BEGIN Material shown
(* Let $q$ be a power of $2$ and $f(X)=X(X^{q-1}-c)^{q+1}$ on $\mathbb{F}_{q^2}$, with $a,\beta,g,L_{[u:v]},\mathbb{P}^1$ as in the context. If $c\in\mathbb{F}_q\setminus\{0,1\}$, then $\mathcal{G}(f)$ is isomorphic to \[ \mathcal{C}_1\oplus\bigoplus_{L_{[u:v]}\in\mathbb{P}^1}\frac{q-1}{\operatorname{ord}(g(u,v))}\times\mathcal{C}_{\operatorname{ord}(g(u,v))}. \] If $c=1$, then $\mathcal{G}(f)$ is isomorphic to \[ (\mathcal{C}_1,\mathcal{T}_{q-1})\oplus\bigoplus_{L_{[u:v]}\in\mathbb{P}^1\setminus\{L_{[1:0]}\}}\frac{q-1}{\operatorname{ord}(g(u,v))}\times\mathcal{C}_{\operatorname{ord}(g(u,v))}. \]
   Context: $a\in\mathbb{F}_q$ with $\operatorname{Tr}(a)=1$ (absolute trace to $\mathbb{F}_2$), $\beta\in\mathbb{F}_{q^2}$ with $\beta^2+\beta+a=0$; every element of $\mathbb{F}_{q^2}$ is uniquely $x+y\beta$, $x,y\in\mathbb{F}_q$. For $(x,y)\neq(0,0)$, $g(x,y)=c^2+1+\frac{cy^2}{x^2+xy+y^2a}\in\mathbb{F}_q$, invariant under scaling by $\mathbb{F}_q^*$. For $(u,v)\neq(0,0)$, $L_{[u:v]}=\{\lambda(u+v\beta):\lambda\in\mathbb{F}_q\}$, $\mathbb{P}^1$ is the set of these $q+1$ lines, and $\operatorname{ord}$ is multiplicative order in $\mathbb{F}_q^*$. $\mathcal{G}(f)$ is the functional graph (vertices $\mathbb{F}_{q^2}$, edges $\langle x,f(x)\rangle$). Graph notation: $\mathcal{C}_n$ is an oriented cycle of length $n$; $\mathcal{T}_m$ is the directed tree with $m+1$ vertices $P_1,\dots,P_{m+1}$ and edges $P_i\to P_{m+1}$ for $1\le i\le m$; $(\mathcal{C}_n,\mathcal{T}_m)$ is the graph obtained by replacing each vertex of $\mathcal{C}_n$ by a copy of $\mathcal{T}_m$ (identifying the cycle vertex with the root $P_{m+1}$); $\mathcal{G}\oplus\mathcal{H}$ is disjoint union; $k\times\mathcal{H}$ is the disjoint union of $k$ copies of $\mathcal{H}$. *)

theory Defs
  imports Main
begin

type_synonym 'v digraph = "'v set \<times> ('v \<times> 'v) set"

definition verts :: "'v digraph \<Rightarrow> 'v set" where "verts G = fst G"
definition arcs :: "'v digraph \<Rightarrow> ('v \<times> 'v) set" where "arcs G = snd G"

definition graph_iso :: "'v digraph \<Rightarrow> 'w digraph \<Rightarrow> bool" where
  "graph_iso G H \<longleftrightarrow> (\<exists>h. bij_betw h (verts G) (verts H) \<and>
      (\<forall>x\<in>verts G. \<forall>y\<in>verts G. (x, y) \<in> arcs G \<longleftrightarrow> (h x, h y) \<in> arcs H))"

definition functional_graph :: "('a \<Rightarrow> 'a) \<Rightarrow> 'a digraph" where
  "functional_graph f = (UNIV, {(x, f x) | x. True})"

definition cycle_graph :: "nat \<Rightarrow> nat digraph" where
  "cycle_graph n = ({0..<n}, {(i, (i + 1) mod n) | i. i < n})"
END Material shown
Instructions to follow = Pull out all lines of the data with the string "digraph".

Exercise response =
type_synonym 'v digraph = "'v set \<times> ('v \<times> 'v) set"
definition verts :: "'v digraph \<Rightarrow> 'v set" where "verts G = fst G"
definition arcs :: "'v digraph \<Rightarrow> ('v \<times> 'v) set" where "arcs G = snd G"
definition graph_iso :: "'v digraph \<Rightarrow> 'w digraph \<Rightarrow> bool" where
definition functional_graph :: "('a \<Rightarrow> 'a) \<Rightarrow> 'a digraph" where
definition cycle_graph :: "nat \<Rightarrow> nat digraph" where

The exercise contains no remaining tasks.